Exercise details >>
Pick out each line of the records that includes the string "have", and copy it.

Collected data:
lemma inner_self_real: "inner X u u = complex_of_real (Re (inner X u u))"
  by (simp add: inner_self_eq)

lemma inner_self_Re_eq_0D: assumes "finite X" "supp_vec X u" "Re (inner X u u) = 0" shows "u = (\<lambda>_. 0)"
proof (rule ext)
  fix S
  have "\<forall>x\<in>Pow X. (cmod (u x))\<^sup>2 = 0"
    using assms by (subst sum_nonneg_eq_0_iff[symmetric]) (auto simp: inner_self_eq)
  then show "u S = 0" using assms(2) by (cases "S \<subseteq> X") (auto simp: supp_vec_def)
qed

lemma if_1_0_mult[simp]: "(if P then 1 else 0) * (a::complex) = (if P then a else 0)"
  "a * (if P then 1 else 0) = (if P then a else 0)" by auto

lemma mmult_idop_left: "finite X \<Longrightarrow> supp_op X A \<Longrightarrow> mmult X (idop X) A = A"
  by (auto simp add: mmult_def idop_def fun_eq_iff supp_op_def conj_commute cong: conj_cong)

lemma mmult_idop_right: "finite X \<Longrightarrow> supp_op X A \<Longrightarrow> mmult X A (idop X) = A"
  by (auto simp add: mmult_def idop_def fun_eq_iff supp_op_def)

lemma apply_op_idop: "finite X \<Longrightarrow> supp_vec X u \<Longrightarrow> apply_op X (idop X) u = u"
  by (auto simp add: apply_op_def idop_def fun_eq_iff supp_vec_def)

lemma mmult_diff_left: "mmult X (A - B) C = mmult X A C - mmult X B C"
  by (auto simp add: mmult_def fun_eq_iff algebra_simps sum_subtractf)

lemma mmult_diff_right: "mmult X A (B - C) = mmult X A B - mmult X A C"
  by (auto simp add: mmult_def fun_eq_iff algebra_simps sum_subtractf)

lemma trace_diff: "trace X (A - B) = trace X A - trace X B"
  by (simp add: trace_def sum_subtractf)

lemma apply_op_diff: "apply_op X (A - B) u = (\<lambda>S. apply_op X A u S - apply_op X B u S)"
  by (auto simp add: apply_op_def fun_eq_iff algebra_simps sum_subtractf)

lemma apply_op_compl: "finite X \<Longrightarrow> supp_vec X y \<Longrightarrow> apply_op X (idop X - R) y = (\<lambda>S. y S - apply_op X R y S)"
  by (simp add: apply_op_diff apply_op_idop)

lemma apply_op_ket: "S \<subseteq> X \<Longrightarrow> finite X \<Longrightarrow> apply_op X A (ket S) = (\<lambda>U. if U \<subseteq> X then A U S else 0)"
  by (auto simp add: apply_op_def ket_def fun_eq_iff)

lemma op_eqI_ket: assumes "finite X" "supp_op X A" "supp_op X B"
  "\<And>S. S \<subseteq> X \<Longrightarrow> apply_op X A (ket S) = apply_op X B (ket S)"
  shows "A = B"
proof (intro ext)
  fix U S
  show "A U S = B U S"
  proof (cases "U \<subseteq> X \<and> S \<subseteq> X")
    case True
    then have "apply_op X A (ket S) U = apply_op X B (ket S) U" using assms(4) by simp
    then show ?thesis using True assms(1) by (simp add: apply_op_ket)
  qed (use assms(2,3) in \<open>auto simp: supp_op_def\<close>)
qed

Result of this task >>
  have "\<forall>x\<in>Pow X. (cmod (u x))\<^sup>2 = 0"
    then have "apply_op X A (ket S) U = apply_op X B (ket S) U" using assms(4) by simp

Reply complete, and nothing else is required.